Спорово-пыльцевой комплекс I выделен в культурном слое мезолита (примерно 8650–8700 ВР) (табл. 1, 1, 2). В это время в изученном регионе существовали лесостепные пространства. Широкое распространение имели березовые или смешанные березово-липовые колки. Не исключено присутствие и чисто березовых колков, а в благоприятных местообитаниях – липняков. Вероятно, леса были приурочены преимущественно к долине реки. Открытые пространства были заняты полынно-злаковыми группировками с участием разнотравья. Не исключено, что доля полыней была выше, чем отражено на диаграмме, так как часть плохо сохранившейся трехбороздной (Tricolpate) пыльцы может принадлежать роду полыней (это касается всех комплексов).

Спорово-пыльцевой комплекс II (береза с участием сосны и незначительным участием широколиственных пород / цикориевые, злаки, полыни) охарактеризован по образцам 2 и 3 из слоя 2.

В общем составе количество пыльцы древесных пород снижается до 36–49%, и на первое место выходят травянистые растения, достигая 51–64%, на споры приходится 4–5% (рис. 2, 2).

Среди древесных пород по-прежнему преобладает пыльца березы (Betula) (18–31%), но увеличивается доля сосны (Pinus) (6–13%), широколиственные породы составляют (2–7%), включая липу (Tilia) и единично дуб (Quercus), в небольшом количестве отмечена ольха (Alnus) и лещина (Corylus).

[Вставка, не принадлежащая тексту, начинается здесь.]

(* Let $F\in\mathbb{R}[x_1,\dots,x_n]$ be a form. If there is a positive integer $k$ such that every form in $\mathrm{SDS}^{(k)}(F)$ has all coefficients nonnegative, then $F(X)\ge0$ for all $X\in\mathbb{R}_+^n$. If there is a positive integer $k$ and a form $G\in\mathrm{SDS}^{(k)}(F)$ with $G(1,\dots,1)<0$, then $F$ is not nonnegative on $\mathbb{R}_+^n$ (there is $X\in\mathbb{R}_+^n$ with $F(X)<0$).
   Context: $\mathbb{R}_+^n=\{(x_1,\dots,x_n): x_i\ge0\}$. $W_n$ is the $n\times n$ matrix with $(W_n)_{ij}=1/j$ for $i\le j$ and $0$ for $i>j$. For a permutation $[k_1\cdots k_n]$ of $1,\dots,n$, $P_{[k_1\cdots k_n]}$ is the permutation matrix with $1$ in positions $(i,k_i)$ and $0$ elsewhere, and $B_{[k_1\cdots k_n]}=P_{[k_1\cdots k_n]}W_n$; $PW_n$ denotes the set of these $n!$ matrices. For $m\ge1$, $\mathrm{SDS}^{(m)}(F)$ is the set of forms $F(B_{[\alpha_1]}\cdots B_{[\alpha_m]}X^{\mathrm{Tr}})$, $X=(x_1,\dots,x_n)$, as $B_{[\alpha_1]},\dots,B_{[\alpha_m]}$ range independently over $PW_n$. *)

theory Defs
  imports Complex_Main "HOL-Library.Poly_Mapping" "HOL-Combinatorics.Permutations"
begin

text \<open>The paper's variables x_1..x_n correspond to indices 0..n-1.\<close>

type_synonym mpoly = "(nat \<Rightarrow>\<^sub>0 nat) \<Rightarrow>\<^sub>0 real"

definition mvar :: "nat \<Rightarrow> mpoly" where
  "mvar i = Poly_Mapping.single (Poly_Mapping.single i 1) 1"

definition mconst :: "real \<Rightarrow> mpoly" where
  "mconst c = Poly_Mapping.single 0 c"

В группе травянистых растений присутствует пыльца злаков (Poaceae) (10%), маревых (Chenopodiaceae) (2–6%), полыней (Artemisia) (4%), чаще всего встречается пыльца подсемейства цикориевых (Ciсhorioideae) (12–18%) и трехбороздная (11–12%), по-прежнему высок процент неопределенной (8–9%).

В составе споровых единично присутствуют зеленые (Bryales) и сфагновые (Sphagnum) мхи, плауновые (Lycopodiaceae), папоротники семейства многоножковые (Polypodiaceae), папоротник орляк (Pteridium).

Спорово-пыльцевой комплекс II выделен в культурном слое финального бронзового века (примерно 2600–2700 или 2600–3000 ВР) (табл. 1, 3–6). Судя по составу спорово-пыльцевых спектров, площади лесных массивов существенно сократились. В это время помимо березы в их составе появляется сосна. Пыльца сосны, так же как и березы, переносится по воздуху на большие расстояния, поэтому часть может быть заносной. Тем не менее ее достаточно большое количество свидетельствует о существовании в изученном районе сосновых боров, которые могли произрастать на песчаных террасах и дюнах. Данное обстоятельство также может говорить о смещении границы сосновых лесов к югу. Помимо сосновых боров в окрестностях стоянки по-прежнему росли березовые колки с незначительным участием липы, дуба и с лещиной в подлеске. В более влажных местообитаниях росла ольха.

Открытые пространства были заняты злаково-полынными группировками, где большую роль также играли цикориевые и маревые. Увеличение роли последних могло быть связано как с естественными причинами, так и с антропогенной деятельностью и нарушением почвенного покрова.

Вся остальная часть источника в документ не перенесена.